text \<open>Coefficient of the word w = [i_1,...,i_n] in M_(Ph,Pt) (position j has letter w!(j-1)).\<close>
definition Mmon :: "nat \<Rightarrow> nat set list \<times> nat set set \<Rightarrow> ncseries" where
  "Mmon n PP = (\<lambda>w. case PP of (Ph, Pt) \<Rightarrow>
     (if length w = n \<and> 0 \<notin> set w \<and>
         (\<forall>j\<in>{1..n}. \<forall>k\<in>{1..n}. (w ! (j-1) = w ! (k-1)) \<longleftrightarrow> same_block Ph Pt j k) \<and>
         (\<forall>l m j k. l < m \<and> m < length Ph \<and> j \<in> Ph ! l \<and> k \<in> Ph ! m \<longrightarrow>
             w ! (j-1) < w ! (k-1))
      then 1 else 0))"

definition NCQSym :: "nat \<Rightarrow> nat \<Rightarrow> ncseries set" where
  "NCQSym r n = module.span qscale (Mmon n ` rsc r n)"

datatype ecol = Dashed | Solid | Double

text \<open>A labelled edge-coloured digraph whose vertices are identified with their labels:
a finite vertex set V of positive integers and an edge map E (E a b = Some t: an edge
(a,b) of type t).  The labelling is the identity, so in the final graph V = {1..n}.\<close>
type_synonym lecg = "nat set \<times> (nat \<Rightarrow> nat \<Rightarrow> ecol option)"

definition proper_colouring :: "lecg \<Rightarrow> (nat \<Rightarrow> nat) \<Rightarrow> bool" where
  "proper_colouring G kappa \<longleftrightarrow>
     (case G of (V, E) \<Rightarrow>
       kappa \<in> extensional V \<and> (\<forall>v\<in>V. kappa v \<ge> 1) \<and>
       (\<forall>a\<in>V. \<forall>b\<in>V.
          (E a b = Some Dashed \<longrightarrow> kappa a \<noteq> kappa b) \<and>
          (E a b = Some Solid \<longrightarrow> kappa a < kappa b) \<and>
          (E a b = Some Double \<longrightarrow> kappa a \<le> kappa b)))"
(* Let $s=(s_1,\dots,s_m)$ be a sequence of positive integers and let $L=\mathrm{Av}_s(212)$ be the set of Stirling $s$-words. Algorithm B, started from $1^{s_1}2^{s_2}\cdots m^{s_m}$, visits every word of $L$ exactly once and then halts, and any two consecutively visited words differ by a bump of distance $1$ (i.e., a run of some value is moved past exactly one smaller letter, which is a transposition of two entries).
   Context: For a sequence $s=(s_1,\dots,s_m)$ of positive integers, an $s$-word is a word $w=w_1\cdots w_n$ ($n=s_1+\dots+s_m$) with exactly $s_i$ copies of $i$ for each $i\in[m]$; $S_s$ is the set of $s$-words. A word $w$ contains the pattern $212$ if there are indices $i<j<k$ with $w_i=w_k>w_j$; $\mathrm{Av}_s(212)$ is the set of $s$-words not containing $212$. The rank of a position $i$ of $w$ is the position of $(w_i,i)$ when all pairs $(w_k,k)$ are ordered by increasing value, ties broken by increasing index. The right-run at index $i$ is $w_i\cdots w_j$ with $w_i=\dots=w_j$ and $j=n$ or $w_j\ne w_{j+1}$; the left-run at index $i$ is $w_j\cdots w_i$ with $w_j=\dots=w_i$ and $j=1$ or $w_{j-1}\ne w_j$. A right-bump at index $i$ with distance $d\ge1$ moves the right-run at index $i$ to the right past the $d$ letters immediately to its right, all of which must be smaller than the run's value; a left-bump is symmetric using the left-run and the $d$ letters immediately to its left. The bump's rank is the rank of index $i$. For $w\in L$, a bump of given rank and direction is minimal if its distance is positive and smallest among such bumps producing a word in $L$. Algorithm B: visit $1^{s_1}\cdots m^{s_m}$; then repeatedly, from the last visited word, among minimal bumps whose result has not yet been visited choose the one of largest rank, preferring right over left for equal rank, apply it and visit the result; halt when no such bump exists. *)

theory Defs
  imports Main
begin
lemma ell_UN_le:
  assumes "finite P" and I: "\<And>j. j \<in> P \<Longrightarrow> I j \<subseteq> {1..d}"
    and t: "\<forall>i\<in>(\<Union>j\<in>P. I j). t i > 0"
  shows "ell (\<Union>j\<in>P. I j) t \<le> (\<Sum>j\<in>P. ell (I j) t)"
proof (rule le_of_one_minus_exp_le)
  fix x :: real assume "x > 0"
  define s where "s = x powr (-\<eta>)"
  have "s > 0" and s_powr: "s powr (-1/\<eta>) = x"
    using \<open>x > 0\<close> eta by (auto simp: s_def powr_powr)
  have scaled: "block_cdf J (\<lambda>i. s * t i) = exp (- (x * ell J t))"
    if "J \<subseteq> {1..d}" "\<forall>i\<in>J. t i > 0" for J
    using ell_homog[OF that \<open>s > 0\<close>, unfolded s_powr] exp_neg_ell[of J "\<lambda>i. s * t i"] that \<open>s > 0\<close>
    by simp
  have U: "(\<Union>j\<in>P. I j) \<subseteq> {1..d}" using I by blast
  have "(\<Sum>j\<in>P. 1 - block_cdf (I j) (\<lambda>i. s * t i)) = (\<Sum>j\<in>P. 1 - exp (- (x * ell (I j) t)))"
    using scaled I t by (intro sum.cong) auto
  then have "1 - exp (- (x * ell (\<Union>j\<in>P. I j) t)) \<le> (\<Sum>j\<in>P. 1 - exp (- (x * ell (I j) t)))"
    using block_cdf_UN_ge[OF \<open>finite P\<close>, of I "\<lambda>i. s * t i"] I scaled[OF U t] by simp
  also have "\<dots> \<le> (\<Sum>j\<in>P. x * ell (I j) t)"
  proof (rule sum_mono)
    fix j show "1 - exp (- (x * ell (I j) t)) \<le> x * ell (I j) t"
      using exp_ge_add_one_self[of "- (x * ell (I j) t)"] by simp
  qed
  finally show "1 - exp (- (x * ell (\<Union>j\<in>P. I j) t)) \<le> x * (\<Sum>j\<in>P. ell (I j) t)"
    by (simp add: sum_distrib_left)
qed

lemma measure_marginals_le_powr:
  assumes J: "J \<subseteq> {1..d}" and w: "\<forall>i\<in>J. w i > 0" and u: "0 < u" "u < 1"
  shows "measure M {\<omega> \<in> space M. \<forall>i\<in>J. F i (X i \<omega>) \<le> u powr (1 / w i)}
         = u powr ell J (\<lambda>i. (\<sigma> i * w i) powr \<eta>)"
proof -
  define \<tau> where "\<tau> i = (\<sigma> i * w i) powr \<eta>" for i
  define s where "s = (- ln u) powr (- \<eta>)"
  have "- ln u > 0" using u by simp
  then have "s > 0" by (simp add: s_def)
  have \<tau>: "\<forall>i\<in>J. \<tau> i > 0"
  proof
    fix i assume "i \<in> J"
    then have "\<sigma> i > 0" "w i > 0" using J w sigma by auto
    then show "\<tau> i > 0" by (simp add: \<tau>_def)
  qed
  have "F i x \<le> u powr (1 / w i) \<longleftrightarrow> x \<le> s * \<tau> i" if i: "i \<in> J" for i x
  proof -
    have "i \<in> {1..d}" "w i > 0" using i J w by auto
    have "u powr (1 / w i) < 1 powr (1 / w i)"
      using u \<open>w i > 0\<close> by (intro powr_less_mono2) auto
    then have v: "0 < u powr (1 / w i)" "u powr (1 / w i) < 1" using u by auto
    have "frechet_quantile i (u powr (1 / w i)) = (\<sigma> i * w i / (- ln u)) powr \<eta>"
      unfolding frechet_quantile_def using u \<open>w i > 0\<close> by (simp add: ln_powr field_simps)
    also have "\<dots> = (\<sigma> i * w i) powr \<eta> / (- ln u) powr \<eta>"
      using \<open>- ln u > 0\<close> \<open>w i > 0\<close> sigma[OF \<open>i \<in> {1..d}\<close>]
        powr_divide[of "\<sigma> i * w i" "- ln u" \<eta>] by simp
    also have "\<dots> = s * \<tau> i"
      unfolding s_def \<tau>_def by (simp add: powr_minus divide_inverse mult.commute)
    finally show ?thesis using F_le_iff_le_frechet_quantile[OF \<open>i \<in> {1..d}\<close> v] by simp
  qed
  then have "measure M {\<omega> \<in> space M. \<forall>i\<in>J. F i (X i \<omega>) \<le> u powr (1 / w i)} = block_cdf J (\<lambda>i. s * \<tau> i)"
    unfolding block_cdf_def by (intro arg_cong[where f = "measure M"]) auto
  also have "\<dots> = exp (- (s powr (-1/\<eta>) * ell J \<tau>))"
    using ell_homog[OF J \<tau> \<open>s > 0\<close>] exp_neg_ell[of J "\<lambda>i. s * \<tau> i"] J \<tau> \<open>s > 0\<close> by simp
  also have "s powr (-1/\<eta>) = - ln u"
    unfolding s_def using \<open>- ln u > 0\<close> eta by (simp add: powr_powr)
  finally show ?thesis
    using u by (simp add: powr_def \<tau>_def)
qed
lemma tensor_unfold: "f \<in> hom C a b \<Longrightarrow> f' \<in> hom C a' b' \<Longrightarrow>
    tensor C K f f' = Pair K (Comp C f (Pr1 K a a')) (Comp C f' (Pr2 K a a'))"
  by (simp add: tensor_def hom_def)

lemma tensor_hom:
  assumes f: "f \<in> hom C a b" and f': "f' \<in> hom C a' b'"
  shows "tensor C K f f' \<in> hom C (Prod K a a') (Prod K b b')"
  using hom_objs[OF f] hom_objs[OF f']
  by (simp add: tensor_unfold[OF f f'] pair_hom comp_hom[OF pr1_hom f] comp_hom[OF pr2_hom f'])

lemma tensor_pair:
  assumes f: "f \<in> hom C a b" and f': "f' \<in> hom C a' b'"
    and g: "g \<in> hom C c a" and g': "g' \<in> hom C c a'"
  shows "Comp C (tensor C K f f') (Pair K g g') = Pair K (Comp C f g) (Comp C f' g')"
proof -
  have o: "a \<in> Obj C" "a' \<in> Obj C" using f f' hom_objs by auto
  note gg' = pair_hom[OF g g']
  show ?thesis
    unfolding tensor_unfold[OF f f']
    using pair_comp[OF comp_hom[OF pr1_hom[OF o] f] comp_hom[OF pr2_hom[OF o] f'] gg']
      comp_assoc[OF gg' pr1_hom[OF o] f] comp_assoc[OF gg' pr2_hom[OF o] f']
      pr1_pair[OF g g'] pr2_pair[OF g g']
    by simp
qed

lemma pr2_tensor:
  assumes f: "f \<in> hom C a b" and f': "f' \<in> hom C a' b'"
  shows "Comp C (Pr2 K b b') (tensor C K f f') = Comp C f' (Pr2 K a a')"
proof -
  have o: "a \<in> Obj C" "a' \<in> Obj C" using f f' hom_objs by auto
  show ?thesis
    unfolding tensor_unfold[OF f f']
    by (rule pr2_pair[OF comp_hom[OF pr1_hom[OF o] f] comp_hom[OF pr2_hom[OF o] f']])
qed

lemma iso_pr2_term:
  assumes b: "b \<in> Obj C"
  shows "iso C (Pr2 K (Term K) b)"
proof (rule iso_if_inverse[OF pr2_hom[OF term_obj b] pair_hom[OF bang_hom[OF b] id_hom[OF b]]])
  note p1 = pr1_hom[OF term_obj b] and p2 = pr2_hom[OF term_obj b]
  have "Comp C (Bang K b) (Pr2 K (Term K) b) = Pr1 K (Term K) b"
    using bang_unique[OF prod_obj[OF term_obj b] comp_hom[OF p2 bang_hom[OF b]]]
      bang_unique[OF prod_obj[OF term_obj b] p1] by simp
  then show "Comp C (Pair K (Bang K b) (Id C b)) (Pr2 K (Term K) b) = Id C (Prod K (Term K) b)"
    using pair_comp[OF bang_hom[OF b] id_hom[OF b] p2] comp_id_left[OF p2] pair_pr1_pr2[OF term_obj b]
    by simp
qed (rule pr2_pair[OF bang_hom[OF b] id_hom[OF b]])

definition reassoc_left :: "'o \<Rightarrow> 'o \<Rightarrow> 'o \<Rightarrow> 'm" where
  "reassoc_left a b c =
     Pair K (Pair K (Pr1 K a (Prod K b c)) (Comp C (Pr1 K b c) (Pr2 K a (Prod K b c))))
            (Comp C (Pr2 K b c) (Pr2 K a (Prod K b c)))"

definition reassoc_right :: "'o \<Rightarrow> 'o \<Rightarrow> 'o \<Rightarrow> 'm" where
  "reassoc_right a b c =
     Pair K (Comp C (Pr1 K a b) (Pr1 K (Prod K a b) c))
            (Pair K (Comp C (Pr2 K a b) (Pr1 K (Prod K a b) c)) (Pr2 K (Prod K a b) c))"

context
  fixes a b c assumes a: "a \<in> Obj C" and b: "b \<in> Obj C" and c: "c \<in> Obj C"
begin

private lemma proj_homs:
  "Pr1 K a (Prod K b c) \<in> hom C (Prod K a (Prod K b c)) a"
  "Pr2 K a (Prod K b c) \<in> hom C (Prod K a (Prod K b c)) (Prod K b c)"
  "Pr1 K b c \<in> hom C (Prod K b c) b" "Pr2 K b c \<in> hom C (Prod K b c) c"
  "Pr1 K (Prod K a b) c \<in> hom C (Prod K (Prod K a b) c) (Prod K a b)"
  "Pr2 K (Prod K a b) c \<in> hom C (Prod K (Prod K a b) c) c"
  "Pr1 K a b \<in> hom C (Prod K a b) a" "Pr2 K a b \<in> hom C (Prod K a b) b"
  using a b c by (simp_all add: pr1_hom pr2_hom prod_obj)

lemma reassoc_left_hom: "reassoc_left a b c \<in> hom C (Prod K a (Prod K b c)) (Prod K (Prod K a b) c)"
  unfolding reassoc_left_def
  by (rule pair_hom[OF pair_hom[OF proj_homs(1) comp_hom[OF proj_homs(2,3)]]
        comp_hom[OF proj_homs(2,4)]])

lemma reassoc_right_hom: "reassoc_right a b c \<in> hom C (Prod K (Prod K a b) c) (Prod K a (Prod K b c))"
  unfolding reassoc_right_def
  by (rule pair_hom[OF comp_hom[OF proj_homs(5,7)]
        pair_hom[OF comp_hom[OF proj_homs(5,8)] proj_homs(6)]])

lemma reassoc_left_pair:
  assumes x: "x \<in> hom C d a" and y: "y \<in> hom C d b" and z: "z \<in> hom C d c"
  shows "Comp C (reassoc_left a b c) (Pair K x (Pair K y z)) = Pair K (Pair K x y) z"
proof -
  note yz = pair_hom[OF y z]
  note p = pair_hom[OF x yz]
  have "Comp C (Comp C (Pr1 K b c) (Pr2 K a (Prod K b c))) (Pair K x (Pair K y z)) = y"
    using comp_assoc[OF p proj_homs(2,3)] pr2_pair[OF x yz] pr1_pair[OF y z] by simp
  moreover have "Comp C (Comp C (Pr2 K b c) (Pr2 K a (Prod K b c))) (Pair K x (Pair K y z)) = z"
    using comp_assoc[OF p proj_homs(2,4)] pr2_pair[OF x yz] pr2_pair[OF y z] by simp
  ultimately show ?thesis
    unfolding reassoc_left_def
    by (simp add: pair_comp[OF pair_hom[OF proj_homs(1) comp_hom[OF proj_homs(2,3)]]
        comp_hom[OF proj_homs(2,4)] p] pair_comp[OF proj_homs(1) comp_hom[OF proj_homs(2,3)] p]
        pr1_pair[OF x yz])
qed

lemma reassoc_right_pair:
  assumes x: "x \<in> hom C d a" and y: "y \<in> hom C d b" and z: "z \<in> hom C d c"
  shows "Comp C (reassoc_right a b c) (Pair K (Pair K x y) z) = Pair K x (Pair K y z)"
proof -
  note xy = pair_hom[OF x y]
  note p = pair_hom[OF xy z]
  have "Comp C (Comp C (Pr1 K a b) (Pr1 K (Prod K a b) c)) (Pair K (Pair K x y) z) = x"
    using comp_assoc[OF p proj_homs(5,7)] pr1_pair[OF xy z] pr1_pair[OF x y] by simp
  moreover have "Comp C (Comp C (Pr2 K a b) (Pr1 K (Prod K a b) c)) (Pair K (Pair K x y) z) = y"
    using comp_assoc[OF p proj_homs(5,8)] pr1_pair[OF xy z] pr2_pair[OF x y] by simp
  ultimately show ?thesis
    unfolding reassoc_right_def
    by (simp add: pair_comp[OF comp_hom[OF proj_homs(5,7)]
        pair_hom[OF comp_hom[OF proj_homs(5,8)] proj_homs(6)] p]
        pair_comp[OF comp_hom[OF proj_homs(5,8)] proj_homs(6) p] pr2_pair[OF xy z])
qed

lemma iso_reassoc_left: "iso C (reassoc_left a b c)"
proof (rule iso_if_inverse[OF reassoc_left_hom reassoc_right_hom])
  let ?x = "Pr1 K a (Prod K b c)"
    and ?y = "Comp C (Pr1 K b c) (Pr2 K a (Prod K b c))"
    and ?z = "Comp C (Pr2 K b c) (Pr2 K a (Prod K b c))"
  have xyz: "?x \<in> hom C (Prod K a (Prod K b c)) a" "?y \<in> hom C (Prod K a (Prod K b c)) b"
    "?z \<in> hom C (Prod K a (Prod K b c)) c"
    by (rule proj_homs comp_hom[OF proj_homs(2,3)] comp_hom[OF proj_homs(2,4)])+
  have eta: "Pair K ?x (Pair K ?y ?z) = Id C (Prod K a (Prod K b c))"
    using pair_eta[OF b c proj_homs(2)] pair_pr1_pr2[OF a prod_obj[OF b c]] by simp
  have "Comp C (reassoc_right a b c) (reassoc_left a b c)
      = Comp C (reassoc_right a b c) (Comp C (reassoc_left a b c) (Pair K ?x (Pair K ?y ?z)))"
    by (simp add: eta comp_id_right[OF reassoc_left_hom])
  also have "\<dots> = Pair K ?x (Pair K ?y ?z)"
    by (simp add: reassoc_left_pair[OF xyz] reassoc_right_pair[OF xyz])
  finally show "Comp C (reassoc_right a b c) (reassoc_left a b c) = Id C (Prod K a (Prod K b c))"
    by (simp add: eta)
next
  let ?u = "Comp C (Pr1 K a b) (Pr1 K (Prod K a b) c)"
    and ?v = "Comp C (Pr2 K a b) (Pr1 K (Prod K a b) c)"
    and ?w = "Pr2 K (Prod K a b) c"
  have uvw: "?u \<in> hom C (Prod K (Prod K a b) c) a" "?v \<in> hom C (Prod K (Prod K a b) c) b"
    "?w \<in> hom C (Prod K (Prod K a b) c) c"
    by (rule comp_hom[OF proj_homs(5,7)] comp_hom[OF proj_homs(5,8)] proj_homs)+
  have eta: "Pair K (Pair K ?u ?v) ?w = Id C (Prod K (Prod K a b) c)"
    using pair_eta[OF a b proj_homs(5)] pair_pr1_pr2[OF prod_obj[OF a b] c] by simp
  have "Comp C (reassoc_left a b c) (reassoc_right a b c)
      = Comp C (reassoc_left a b c) (Comp C (reassoc_right a b c) (Pair K (Pair K ?u ?v) ?w))"
    by (simp add: eta comp_id_right[OF reassoc_right_hom])
  also have "\<dots> = Pair K (Pair K ?u ?v) ?w"
    by (simp add: reassoc_left_pair[OF uvw] reassoc_right_pair[OF uvw])
  finally show "Comp C (reassoc_left a b c) (reassoc_right a b c) = Id C (Prod K (Prod K a b) c)"
    by (simp add: eta)
qed

end

lemma tuple_hom: "(\<And>i. i < n \<Longrightarrow> fs i \<in> hom C a b) \<Longrightarrow> a \<in> Obj C \<Longrightarrow> b \<in> Obj C \<Longrightarrow>
    tuple K a fs n \<in> hom C a (power K b n)"
  by (induction n arbitrary: fs) (auto simp: bang_hom pair_hom)

lemma tuple_comp:
  "f \<in> hom C a c \<Longrightarrow> (\<And>i. i < n \<Longrightarrow> gs i \<in> hom C c b) \<Longrightarrow> b \<in> Obj C \<Longrightarrow>
    Comp C (tuple K c gs n) f = tuple K a (\<lambda>i. Comp C (gs i) f) n"
proof (induction n arbitrary: gs)
  case 0
  then show ?case using bang_unique comp_hom bang_hom hom_objs by force
next
  case (Suc n)
  have tl: "tuple K c (\<lambda>i. gs (Suc i)) n \<in> hom C c (power K b n)"
    using Suc.prems hom_objs by (auto intro: tuple_hom)
  have "Comp C (tuple K c gs (Suc n)) f
      = Pair K (Comp C (gs 0) f) (Comp C (tuple K c (\<lambda>i. gs (Suc i)) n) f)"
    using pair_comp[OF Suc.prems(2)[of 0] tl Suc.prems(1)] by simp
  then show ?case using Suc by simp
qed

end

locale cartesian_equivalences =
  fixes C :: "('o,'m) cat" and K :: "('o,'m) cartesian" and E :: "'m set"
  assumes equivalences: "cartesian_cat_with_equivalences C K E"

sublocale cartesian_equivalences \<subseteq> cartesian_category
  using equivalences unfolding cartesian_cat_with_equivalences_def by unfold_locales auto

context cartesian_equivalences
begin

lemma iso_in_E: "iso C f \<Longrightarrow> f \<in> E"
  using equivalences unfolding cartesian_cat_with_equivalences_def by auto

lemma comp_in_E: "f \<in> hom C a b \<Longrightarrow> g \<in> hom C b c \<Longrightarrow> f \<in> E \<Longrightarrow> g \<in> E \<Longrightarrow> Comp C g f \<in> E"
  using equivalences unfolding cartesian_cat_with_equivalences_def hom_def by auto

lemma in_E_left_cancel:
  "f \<in> hom C a b \<Longrightarrow> g \<in> hom C b c \<Longrightarrow> g \<in> E \<Longrightarrow> Comp C g f \<in> E \<Longrightarrow> f \<in> E"
  using equivalences unfolding cartesian_cat_with_equivalences_def hom_def by auto

lemma tensor_in_E: "f \<in> E \<Longrightarrow> f' \<in> E \<Longrightarrow> tensor C K f f' \<in> E"
  using equivalences unfolding cartesian_cat_with_equivalences_def by auto

lemma id_in_E: "a \<in> Obj C \<Longrightarrow> Id C a \<in> E"
  by (intro iso_in_E iso_if_inverse[OF id_hom id_hom] comp_id_left[OF id_hom])

lemma pr2_in_E:
  assumes bang: "Bang K a \<in> E" and a: "a \<in> Obj C" and b: "b \<in> Obj C"
  shows "Pr2 K a b \<in> E"
proof -
  have "Pr2 K a b = Comp C (Pr2 K (Term K) b) (tensor C K (Bang K a) (Id C b))"
    using pr2_tensor[OF bang_hom[OF a] id_hom[OF b]] comp_id_left[OF pr2_hom[OF a b]] by simp
  also have "\<dots> \<in> E"
    using comp_in_E[OF tensor_hom[OF bang_hom[OF a] id_hom[OF b]] pr2_hom[OF term_obj b]]
      tensor_in_E[OF bang id_in_E[OF b]] iso_in_E[OF iso_pr2_term[OF b]] by blast
  finally show ?thesis .
qed

lemma reassoc_left_in_E: "a \<in> Obj C \<Longrightarrow> b \<in> Obj C \<Longrightarrow> c \<in> Obj C \<Longrightarrow> reassoc_left a b c \<in> E"
  by (rule iso_in_E[OF iso_reassoc_left])

end

locale Gamma_object = cartesian_category C K
  for C :: "('o,'m) cat" and K :: "('o,'m) cartesian" +
  fixes Yo :: "nat \<Rightarrow> 'o" and Ym :: "nat \<Rightarrow> nat \<Rightarrow> (nat \<Rightarrow> nat) \<Rightarrow> 'm"
  assumes Y_functor: "Gop_functor C Yo Ym"
begin

lemma Yo_obj: "Yo n \<in> Obj C"
  and Ym_hom: "Gamma_hom m n g \<Longrightarrow> Ym m n g \<in> hom C (Yo m) (Yo n)"
  and Ym_id: "Ym n n id = Id C (Yo n)"
  and Ym_comp: "Gamma_hom l m f \<Longrightarrow> Gamma_hom m n g \<Longrightarrow> Ym l n (g \<circ> f) = Comp C (Ym m n g) (Ym l m f)"
  using Y_functor unfolding Gop_functor_def by blast+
-----
WHAT THE TASK REQUIRES: Output the listing above word for word, from the opening line through the line that contains "G kappa \<longleftrightarrow>", and leave out everything after it.

SOLUTION:
text \<open>Coefficient of the word w = [i_1,...,i_n] in M_(Ph,Pt) (position j has letter w!(j-1)).\<close>
definition Mmon :: "nat \<Rightarrow> nat set list \<times> nat set set \<Rightarrow> ncseries" where
  "Mmon n PP = (\<lambda>w. case PP of (Ph, Pt) \<Rightarrow>
     (if length w = n \<and> 0 \<notin> set w \<and>
         (\<forall>j\<in>{1..n}. \<forall>k\<in>{1..n}. (w ! (j-1) = w ! (k-1)) \<longleftrightarrow> same_block Ph Pt j k) \<and>
         (\<forall>l m j k. l < m \<and> m < length Ph \<and> j \<in> Ph ! l \<and> k \<in> Ph ! m \<longrightarrow>
             w ! (j-1) < w ! (k-1))
      then 1 else 0))"

definition NCQSym :: "nat \<Rightarrow> nat \<Rightarrow> ncseries set" where
  "NCQSym r n = module.span qscale (Mmon n ` rsc r n)"

datatype ecol = Dashed | Solid | Double

text \<open>A labelled edge-coloured digraph whose vertices are identified with their labels:
a finite vertex set V of positive integers and an edge map E (E a b = Some t: an edge
(a,b) of type t).  The labelling is the identity, so in the final graph V = {1..n}.\<close>
type_synonym lecg = "nat set \<times> (nat \<Rightarrow> nat \<Rightarrow> ecol option)"

definition proper_colouring :: "lecg \<Rightarrow> (nat \<Rightarrow> nat) \<Rightarrow> bool" where
  "proper_colouring G kappa \<longleftrightarrow>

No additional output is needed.